[PROBLEM TO WORK ON]
In the entries below, find the line with "from n \<nu>" and print exactly every line from there up to and including the line with "indicator of the", with no other lines.
_ _ _ _
(* Let $\xi_1,\dots,\xi_n$ be independent real random variables with $\mathbf{E}\xi_i=0$, satisfying Bernstein's condition: there is a constant $\varepsilon>0$ such that $|\mathbf{E}\xi_i^k|\le \frac12 k!\,\varepsilon^{k-2}\mathbf{E}\xi_i^2$ for all $k\ge 3$ and $i=1,\dots,n$. Let $\sigma^2=\sum_{i=1}^n\mathbf{E}\xi_i^2$ and $T_n(\lambda)=\sum_{i=1}^n\frac{\mathbf{E}\xi_ie^{\lambda\xi_i}}{\mathbf{E}e^{\lambda\xi_i}}$. Then for all $0\le\lambda<\varepsilon^{-1}$, \[ (1-2.4\lambda\varepsilon)\lambda\sigma^2\le \frac{(1-1.5\lambda\varepsilon)(1-\lambda\varepsilon)}{1-\lambda\varepsilon+6\lambda^2\varepsilon^2}\lambda\sigma^2\le T_n(\lambda)\le\frac{1-0.5\lambda\varepsilon}{(1-\lambda\varepsilon)^2}\lambda\sigma^2 . \] *)

theory Defs
  imports "HOL-Probability.Probability"
begin

definition T_n :: "'a measure \<Rightarrow> (nat \<Rightarrow> 'a \<Rightarrow> real) \<Rightarrow> nat \<Rightarrow> real \<Rightarrow> real" where
  "T_n M \<xi> n l = (\<Sum>i=1..n. (\<integral>x. \<xi> i x * exp (l * \<xi> i x) \<partial>M) / (\<integral>x. exp (l * \<xi> i x) \<partial>M))"

end

theory Submission
  imports Defs
begin

text \<open>
  \<open>T_n\<close> is a sum of tilted means \<open>E[X exp(\<lambda>X)] / E[exp(\<lambda>X)]\<close> of single centred variables, so it
  suffices to bound one of them. For \<open>\<lambda>\<epsilon> < 1\<close> both expectations are the sums of their moment
  series, and Bernstein's condition dominates these by geometric series in \<open>\<lambda>\<epsilon>\<close>: this gives
  \<open>E[X exp(\<lambda>X)] \<le> \<lambda>\<sigma>\<^sup>2/2 (1/(1-\<lambda>\<epsilon>)\<^sup>2 + 1/(1-\<lambda>\<epsilon>))\<close> and \<open>E[exp(\<lambda>X)] \<le> 1 + \<lambda>\<^sup>2\<sigma>\<^sup>2/(2(1-\<lambda>\<epsilon>))\<close>.
  Conversely \<open>exp t \<ge> 1 + t\<close> gives \<open>E[exp(\<lambda>X)] \<ge> 1\<close>, and \<open>x exp(\<lambda>x) \<ge> x + \<lambda>x\<^sup>2 + \<lambda>\<^sup>2x\<^sup>3/2\<close>
  together with \<open>|E X\<^sup>3| \<le> 3\<epsilon>\<sigma>\<^sup>2\<close> gives \<open>E[X exp(\<lambda>X)] \<ge> \<lambda>\<sigma>\<^sup>2(1 - 1.5\<lambda>\<epsilon>)\<close>. Finally
  \<open>\<sigma>\<^sup>2 \<le> 12\<epsilon>\<^sup>2\<close> turns the bound on the denominator into \<open>(1 - \<lambda>\<epsilon> + 6\<lambda>\<^sup>2\<epsilon>\<^sup>2)/(1 - \<lambda>\<epsilon>)\<close>.
\<close>

lemma sum_power_div_fact_le_exp:
  fixes t :: real
  assumes "0 \<le> t"
  shows "(\<Sum>k<N. t ^ k / fact k) \<le> exp t"
proof -
  have sums: "(\<lambda>k. t ^ k / fact k) sums exp t"
    using exp_converges[of t] by (simp add: divide_inverse mult.commute)
  have "(\<Sum>k<N. t ^ k / fact k) \<le> (\<Sum>k. t ^ k / fact k)"
    using sums assms by (intro sum_le_suminf) (auto simp: sums_summable)
  then show ?thesis
    using sums_unique[OF sums] by simp
qed

lemma power_div_fact_le_exp:
  fixes t :: real
  assumes "0 \<le> t"
  shows "t ^ n / fact n \<le> exp t"
proof -
  have "t ^ n / fact n \<le> (\<Sum>k<Suc n. t ^ k / fact k)"
    using assms by (simp add: sum_nonneg)
  also have "\<dots> \<le> exp t"
    using assms by (rule sum_power_div_fact_le_exp)
  finally show ?thesis .
qed

lemma exp_upper_Taylor_quadratic_nonpos:
  fixes t :: real
  assumes "t \<le> 0"
  shows "exp t \<le> 1 + t + t\<^sup>2 / 2"
proof -
  obtain s where "exp t = (\<Sum>m<3. t ^ m / fact m) + exp s / fact 3 * t ^ 3"
    using Maclaurin_exp_le[of t 3] by blast
  moreover have "exp s / fact 3 * t ^ 3 \<le> 0"
    using assms by (intro mult_nonneg_nonpos) (auto simp: power_odd_eq)
  ultimately show ?thesis
    by (simp add: numeral_3_eq_3 power2_eq_square)
qed

lemma le_mult_exp:
  fixes l x :: real
  assumes "0 \<le> l"
  shows "x \<le> x * exp (l * x)"
proof (cases "0 \<le> x")
  case True
  then show ?thesis
    using assms by (simp add: mult_le_cancel_left1)
next
  case False
  then show ?thesis
    using assms by (simp add: mult_le_cancel_left2 mult_nonneg_nonpos)
qed

lemma cubic_Taylor_le_mult_exp:
  fixes l x :: real
  assumes "0 \<le> l"
  shows "x + l * x\<^sup>2 + l\<^sup>2 * x ^ 3 / 2 \<le> x * exp (l * x)"
proof -
  have "x + l * x\<^sup>2 + l\<^sup>2 * x ^ 3 / 2 = x * (1 + l * x + (l * x)\<^sup>2 / 2)"
    by (simp add: power2_eq_square power3_eq_cube algebra_simps)
  also have "\<dots> \<le> x * exp (l * x)"
  proof (cases "0 \<le> x")
    case True
    then show ?thesis
      using assms exp_lower_Taylor_quadratic[of "l * x"] by (intro mult_left_mono) auto
  next
    case False
    then show ?thesis
      using assms exp_upper_Taylor_quadratic_nonpos[of "l * x"]
      by (intro mult_left_mono_neg) (auto simp: mult_nonneg_nonpos)
  qed
  finally show ?thesis .
qed

lemma Bernstein_denominator_pos:
  fixes x :: real
  shows "0 < 1 - x + 6 * x\<^sup>2"
proof -
  have "1 - x + 6 * x\<^sup>2 = 6 * (x - 1/12)\<^sup>2 + 23/24"
    by (simp add: power2_eq_square field_simps)
  moreover have "0 \<le> (x - 1/12)\<^sup>2"
    by simp
  ultimately show ?thesis
    by linarith
qed

lemma Bernstein_factor_ge_linear:
  fixes x :: real
  assumes "0 \<le> x"
  shows "1 - 2.4 * x \<le> (1 - 1.5 * x) * (1 - x) / (1 - x + 6 * x\<^sup>2)"
proof -
  have "(1 - 1.5 * x) * (1 - x) - (1 - 2.4 * x) * (1 - x + 6 * x\<^sup>2)
        = x * (14.4 * (x - 23/96)\<^sup>2 + 0.0734375)"
    by (simp add: power2_eq_square field_simps)
  moreover have "0 \<le> x * (14.4 * (x - 23/96)\<^sup>2 + 0.0734375)"
    using assms by simp
  ultimately have "(1 - 2.4 * x) * (1 - x + 6 * x\<^sup>2) \<le> (1 - 1.5 * x) * (1 - x)"
    by linarith
  then show ?thesis
    using Bernstein_denominator_pos[of x] by (simp add: le_divide_eq)
qed

locale bernstein_moments = prob_space M for M :: "'a measure" +
  fixes X :: "'a \<Rightarrow> real" and \<epsilon> :: real
  assumes integrable_power: "\<And>k. integrable M (\<lambda>x. X x ^ k)"
    and eps_pos: "0 < \<epsilon>"
    and bernstein: "\<And>k. 3 \<le> k \<Longrightarrow>
        \<bar>\<integral>x. X x ^ k \<partial>M\<bar> \<le> 1/2 * fact k * \<epsilon> ^ (k - 2) * (\<integral>x. X x ^ 2 \<partial>M)"
begin
(* Let $\xi$ be a real random variable such that either $\mathbb{E}\xi^2=\infty$, or $\mathbb{E}\xi^2<\infty$ and $\mathbb{E}\xi\neq 0$. For each $n\ge1$ let $A_n$ be an $n\times n$ random matrix whose entries are i.i.d. copies of $\xi$, all matrices $A_n$ being defined on a common probability space. Let $\varepsilon\in(0,1)$. For each $n$, let $m_n$ denote the minimum of $\|\tilde A\|$ over all $n\times n$ real matrices $\tilde A$ for which there exist $I,J\subset[n]$ with $|I|,|J|\le\varepsilon n$ such that $\tilde A_{ij}=(A_n)_{ij}$ for all $(i,j)\notin I\times J$ (i.e. $\tilde A$ is obtained from $A_n$ by arbitrarily modifying the entries of a submatrix of size at most $\varepsilon n\times\varepsilon n$). Then $$\frac{m_n}{\sqrt n}\to\infty\quad\text{as } n\to\infty\quad\text{almost surely.}$$
   Context: $[n]=\{1,\dots,n\}$. $\|\cdot\|$ denotes the operator norm (Euclidean norm to Euclidean norm). *)

theory Defs
  imports "HOL-Probability.Probability"
begin

text \<open>Real n x n matrices are represented as functions nat => nat => real,
  indexed by [n] = {1..n}; entries outside this range are irrelevant.\<close>

definition op_norm :: "nat \<Rightarrow> (nat \<Rightarrow> nat \<Rightarrow> real) \<Rightarrow> real" where
  "op_norm n B =
     (SUP x \<in> {x :: nat \<Rightarrow> real. (\<Sum>j\<in>{1..n}. (x j)\<^sup>2) \<le> 1}.
        sqrt (\<Sum>i\<in>{1..n}. (\<Sum>j\<in>{1..n}. B i j * x j)\<^sup>2))"

definition modifications :: "nat \<Rightarrow> real \<Rightarrow> (nat \<Rightarrow> nat \<Rightarrow> real) \<Rightarrow> (nat \<Rightarrow> nat \<Rightarrow> real) set" where
  "modifications n eps B =
     {C. \<exists>I J. I \<subseteq> {1..n} \<and> J \<subseteq> {1..n} \<and>
            real (card I) \<le> eps * real n \<and> real (card J) \<le> eps * real n \<and>
            (\<forall>i\<in>{1..n}. \<forall>j\<in>{1..n}. (i, j) \<notin> I \<times> J \<longrightarrow> C i j = B i j)}"

definition min_mod_norm :: "nat \<Rightarrow> real \<Rightarrow> (nat \<Rightarrow> nat \<Rightarrow> real) \<Rightarrow> real" where
  "min_mod_norm n eps B = Inf (op_norm n ` modifications n eps B)"

end

theory Submission
  imports Defs
begin

text \<open>Fix a measurable h with E h(\<xi>)^2 < \<infinity> and put \<nu> = E h(\<xi>). The column sums of h(A_n) are
  independent with mean n \<nu> and variance O(n), so the sum over the columns of their deviations
  from n \<nu> has mean O(n^(3/2)) and variance O(n^2). Chebyshev's inequality and Borel-Cantelli
  show that almost surely this total deviation is eventually below (1 - \<epsilon>) \<nu> n^2 / 2.
  A modification leaves at least (1 - \<epsilon>) n columns untouched, and on these the column sums
  of h(A_n) then still add up to more than (1 - \<epsilon>) \<nu> n^2 / 2.

  If E \<xi> \<noteq> 0, take h(x) = sgn(E \<xi>) x: pairing the modified matrix with the normalised
  indicator of the untouched columns and with the all-ones vector shows that its operator norm
  is at least (1 - \<epsilon>) \<nu> n / 2. If E \<xi>^2 = \<infinity>, take h(x) = min(x^2, T), for which \<nu> is as
  large as we like when T is large: some untouched column has squared length at least
  (1 - \<epsilon>) \<nu> n / 2.\<close>

definition column_deviation ::
    "(real \<Rightarrow> real) \<Rightarrow> real \<Rightarrow> nat \<Rightarrow> (nat \<Rightarrow> nat \<Rightarrow> real) \<Rightarrow> real" where
  "column_deviation h \<nu> n B = (\<Sum>j\<in>{1..n}. \<bar>(\<Sum>i\<in>{1..n}. h (B i j)) - real n * \<nu>\<bar>)"

lemma column_deviation_nonneg: "0 \<le> column_deviation h \<nu> n B"
  unfolding column_deviation_def by (simp add: sum_nonneg)

section \<open>Operator norm of modified matrices\<close>

lemma op_norm_bdd_above:
  "bdd_above ((\<lambda>x. sqrt (\<Sum>i\<in>{1..n}. (\<Sum>j\<in>{1..n}. B i j * x j)\<^sup>2)) `
      {x :: nat \<Rightarrow> real. (\<Sum>j\<in>{1..n}. (x j)\<^sup>2) \<le> 1})"
proof (rule bdd_aboveI2)
  fix x :: "nat \<Rightarrow> real" assume "x \<in> {x. (\<Sum>j\<in>{1..n}. (x j)\<^sup>2) \<le> 1}"
  then have x: "(\<Sum>j\<in>{1..n}. (x j)\<^sup>2) \<le> 1" by simp
  have "(\<Sum>j\<in>{1..n}. B i j * x j)\<^sup>2 \<le> (\<Sum>j\<in>{1..n}. (B i j)\<^sup>2)" for i
  proof -
    have "(\<Sum>j\<in>{1..n}. B i j * x j)\<^sup>2 \<le> (\<Sum>j\<in>{1..n}. (B i j)\<^sup>2) * (\<Sum>j\<in>{1..n}. (x j)\<^sup>2)"
      by (rule Cauchy_Schwarz_ineq_sum)
    also have "\<dots> \<le> (\<Sum>j\<in>{1..n}. (B i j)\<^sup>2)"
      using mult_left_mono[OF x] by (simp add: sum_nonneg)
    finally show ?thesis .
  qed
  then show "sqrt (\<Sum>i\<in>{1..n}. (\<Sum>j\<in>{1..n}. B i j * x j)\<^sup>2)
      \<le> sqrt (\<Sum>i\<in>{1..n}. \<Sum>j\<in>{1..n}. (B i j)\<^sup>2)"
    by (simp add: sum_mono)
qed

lemma op_norm_ge_norm_image:
  assumes "(\<Sum>j\<in>{1..n}. (x j)\<^sup>2) \<le> 1"
  shows "sqrt (\<Sum>i\<in>{1..n}. (\<Sum>j\<in>{1..n}. B i j * x j)\<^sup>2) \<le> op_norm n B"
  unfolding op_norm_def using assms by (intro cSUP_upper[OF _ op_norm_bdd_above]) simp

lemma op_norm_nonneg: "0 \<le> op_norm n B"
  using op_norm_ge_norm_image[of "\<lambda>_. 0" n B] by simp

lemma column_norm_le_op_norm:
  assumes "j \<in> {1..n}"
  shows "sqrt (\<Sum>i\<in>{1..n}. (B i j)\<^sup>2) \<le> op_norm n B"
proof -
  define x where "x k = (if k = j then 1 else 0 :: real)" for k
  have "(\<Sum>k\<in>{1..n}. (x k)\<^sup>2) = (\<Sum>k\<in>{1..n}. if k = j then 1 else 0)"
    and "(\<Sum>k\<in>{1..n}. B i k * x k) = (\<Sum>k\<in>{1..n}. if k = j then B i j else 0)" for i
    unfolding x_def by (intro sum.cong; simp)+
  then have "(\<Sum>k\<in>{1..n}. (x k)\<^sup>2) = 1" and "(\<Sum>k\<in>{1..n}. B i k * x k) = B i j" for i
    using assms by simp_all
  with op_norm_ge_norm_image[of x n B] show ?thesis by simp
qed

lemma abs_block_sum_le_op_norm:
  assumes S: "S \<subseteq> {1..n}" "S \<noteq> {}"
  shows "\<bar>\<Sum>i\<in>{1..n}. \<Sum>j\<in>S. B i j\<bar> \<le> sqrt (real n * real (card S)) * op_norm n B"
proof -
  define m where "m = real (card S)"
  have m: "0 < m" unfolding m_def using S finite_subset by fastforce
  define x where "x j = (if j \<in> S then 1 / sqrt m else 0)" for j
  define v where "v i = (\<Sum>j\<in>{1..n}. B i j * x j)" for i
  have "(\<Sum>j\<in>{1..n}. (x j)\<^sup>2) = (\<Sum>j\<in>{1..n}. if j \<in> S then 1 / m else 0)"
    using m by (intro sum.cong) (auto simp: x_def power_divide)
  also have "\<dots> = (\<Sum>j\<in>S. 1 / m)"
    using S(1) by (simp add: sum.If_cases Int_absorb1)
  also have "\<dots> = 1" using m unfolding m_def by simp
  finally have "sqrt (\<Sum>i\<in>{1..n}. (v i)\<^sup>2) \<le> op_norm n B"
    unfolding v_def by (intro op_norm_ge_norm_image) simp
  moreover have "\<bar>\<Sum>i\<in>{1..n}. v i\<bar> \<le> sqrt (real n) * sqrt (\<Sum>i\<in>{1..n}. (v i)\<^sup>2)"
    using sum_squared_le_sum_of_squares[of v "{1..n}"]
    by (metis mult.commute card_atLeastAtMost diff_Suc_1 real_sqrt_abs real_sqrt_le_mono real_sqrt_mult)
  ultimately have "\<bar>\<Sum>i\<in>{1..n}. v i\<bar> \<le> sqrt (real n) * op_norm n B"
    by (meson mult_left_mono order.trans real_sqrt_ge_zero of_nat_0_le_iff)
  moreover have "v i = (\<Sum>j\<in>S. B i j) / sqrt m" for i
  proof -
    have "v i = (\<Sum>j\<in>{1..n}. if j \<in> S then B i j / sqrt m else 0)"
      unfolding v_def x_def by (intro sum.cong) auto
    then show ?thesis
      using S(1) by (simp add: sum.If_cases Int_absorb1 sum_divide_distrib)
  qed
  ultimately show ?thesis
    using m by (simp add: sum_divide_distrib[symmetric] abs_div real_sqrt_mult m_def field_simps)
qed

lemma min_mod_norm_greatest:
  assumes "0 \<le> eps" and "\<And>C. C \<in> modifications n eps B \<Longrightarrow> L \<le> op_norm n C"
  shows "L \<le> min_mod_norm n eps B"
  unfolding min_mod_norm_def
proof (rule cInf_greatest)
  have "B \<in> modifications n eps B"
    unfolding modifications_def using assms(1) by (intro CollectI exI[of _ "{}"]) auto
  then show "op_norm n ` modifications n eps B \<noteq> {}" by blast
qed (use assms(2) in blast)

lemma card_diff_ge:
  assumes "J \<subseteq> {1..n}" and "real (card J) \<le> eps * real n"
  shows "(1 - eps) * real n \<le> real (card ({1..n} - J))"
proof -
  have "card ({1..n} - J) = n - card J" and "card J \<le> n"
    using assms(1) by (auto simp: card_Diff_subset finite_subset dest: card_mono[rotated])
  then show ?thesis using assms(2) by (simp add: algebra_simps)
qed

lemma sum_diff_gt_of_deviation_less:
  fixes Y :: "nat \<Rightarrow> real"
  assumes "0 < \<nu>" and J: "J \<subseteq> {1..n}" "real (card J) \<le> eps * real n"
    and dev: "(\<Sum>j\<in>{1..n}. \<bar>Y j - real n * \<nu>\<bar>) < (1 - eps) * \<nu> * (real n)\<^sup>2 / 2"
  shows "(1 - eps) * \<nu> * (real n)\<^sup>2 / 2 < (\<Sum>j\<in>{1..n} - J. Y j)"
proof -
  have "real (card ({1..n} - J)) * (real n * \<nu>) - (\<Sum>j\<in>{1..n}. \<bar>Y j - real n * \<nu>\<bar>)
      \<le> (\<Sum>j\<in>{1..n} - J. real n * \<nu> - \<bar>Y j - real n * \<nu>\<bar>)"
    using sum_mono2[of "{1..n}" "{1..n} - J" "\<lambda>j. \<bar>Y j - real n * \<nu>\<bar>"]
    by (simp add: sum_subtractf)
  also have "\<dots> \<le> (\<Sum>j\<in>{1..n} - J. Y j)"
    by (intro sum_mono) linarith
  finally show ?thesis
    using card_diff_ge[OF J] dev mult_right_mono[OF card_diff_ge[OF J], of "real n * \<nu>"] \<open>0 < \<nu>\<close>
    by (simp add: power2_eq_square algebra_simps)
qed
_ _ _ _
[ANSWER TO THIS PROBLEM]
  from n \<nu> has mean O(n^(3/2)) and variance O(n^2). Chebyshev's inequality and Borel-Cantelli
  show that almost surely this total deviation is eventually below (1 - \<epsilon>) \<nu> n^2 / 2.
  A modification leaves at least (1 - \<epsilon>) n columns untouched, and on these the column sums
  of h(A_n) then still add up to more than (1 - \<epsilon>) \<nu> n^2 / 2.

  If E \<xi> \<noteq> 0, take h(x) = sgn(E \<xi>) x: pairing the modified matrix with the normalised
  indicator of the untouched columns and with the all-ones vector shows that its operator norm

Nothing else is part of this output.